*** PROVIDED RECORDS Section Begins ***
lemma ppa_step_H_inner_nonneg:
  fixes X :: "real^'p::finite^'n::finite"
  assumes mu_pos: "\<mu> > 0" and lam_nonneg: "0 \<le> lam"
    and eta_pos: "\<forall>j. eta j > 0" and d_cu: "d * cu = 1"
    and \<beta>_step: "\<forall>j. let v = b0$j + (transpose (gram X) *v u0)$j / eta j in
          b1$j = sgn v * max (\<bar>v\<bar> - 1 / eta j) 0"
    and z_step: "\<forall>j. z1$j = min (max (z0$j - u0$j / \<mu>) (- (real CARD('n) * lam)))
                             (real CARD('n) * lam)"
    and u_step: "u1 = u0 - cu *\<^sub>R
        (2 *\<^sub>R (gram X *v b1 - z1 - transpose X *v y) - (gram X *v b0 - z0 - transpose X *v y))"
    and saddle: "(\<beta>s, zs, us) \<in> saddle_set X y lam"
  shows "0 \<le> H_inner X eta \<mu> d ((b1, z1, u1) - (\<beta>s, zs, us)) ((b0, z0, u0) - (b1, z1, u1))"
proof -
  let ?A = "gram X"
  define ab az au where "ab = b1 - \<beta>s" and "az = z1 - zs" and "au = u1 - us"
  define eb ez eu where "eb = b0 - b1" and "ez = z0 - z1" and "eu = u0 - u1"
  have \<beta>_part: "0 \<le> (\<Sum>j\<in>UNIV. eta j * ab$j * eb$j) + (u0 - us) \<bullet> (?A *v ab)"
  proof -
    have "0 \<le> (\<Sum>j\<in>UNIV. eta j * ab$j * eb$j)
        + (transpose ?A *v u0 - transpose ?A *v us) \<bullet> ab"
      using l1_prox_step_monotone[OF eta_pos \<beta>_step]
        saddle_set_l1_subgradient[OF saddle lam_nonneg]
      by (simp add: ab_def eb_def)
    then show ?thesis
      by (simp only: inner_diff_left inner_transpose_mult)
  qed
  have z_part: "0 \<le> \<mu> * (az \<bullet> ez) - (u0 - us) \<bullet> az"
  proof -
    have "in_box CARD('n) lam zs"
      using saddle_set_in_box[OF saddle lam_nonneg] .
    then have "0 \<le> \<mu> * (az \<bullet> ez) - u0 \<bullet> az"
      using box_projection_step_monotone[OF mu_pos z_step] by (simp add: az_def ez_def in_box_def)
    moreover have "in_box CARD('n) lam z1"
      using z_step abs_clip_le lam_nonneg by (simp add: in_box_def)
    then have "0 \<le> us \<bullet> az"
      using saddle_set_box_minimal[OF saddle lam_nonneg] by (simp add: az_def inner_diff_right)
    ultimately show ?thesis
      by (simp add: inner_diff_left)
  qed
  have u_part: "?A *v eb - ez + d *\<^sub>R eu = ?A *v ab - az"
    unfolding ab_def az_def eb_def ez_def eu_def
    using dual_step_residual[OF d_cu u_step saddle_set_feasible[OF saddle lam_nonneg]] .
  have "H_inner X eta \<mu> d (ab, az, au) (eb, ez, eu)
      = ((\<Sum>j\<in>UNIV. eta j * ab$j * eb$j) + (u0 - us) \<bullet> (?A *v ab))
        + (\<mu> * (az \<bullet> ez) - (u0 - us) \<bullet> az) + au \<bullet> (?A *v eb - ez + d *\<^sub>R eu - (?A *v ab - az))"
    by (simp add: H_inner_def au_def eu_def inner_add_left inner_add_right inner_diff_left
        inner_diff_right algebra_simps)
  also have "\<dots> = ((\<Sum>j\<in>UNIV. eta j * ab$j * eb$j) + (u0 - us) \<bullet> (?A *v ab))
        + (\<mu> * (az \<bullet> ez) - (u0 - us) \<bullet> az)"
    using u_part by simp
  finally have "0 \<le> H_inner X eta \<mu> d (ab, az, au) (eb, ez, eu)"
    using \<beta>_part z_part by linarith
  then show ?thesis
    by (simp add: ab_def az_def au_def eb_def ez_def eu_def)
qed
*** PROVIDED RECORDS Section Ends ***
▶ **THE PROBLEM**:
Which lines of the entries above contain the string "define"? Copy each one.

▶ **SOLUTION FOR THIS EXERCISE**:
  define ab az au where "ab = b1 - \<beta>s" and "az = z1 - zs" and "au = u1 - us"
  define eb ez eu where "eb = b0 - b1" and "ez = z0 - z1" and "eu = u0 - u1"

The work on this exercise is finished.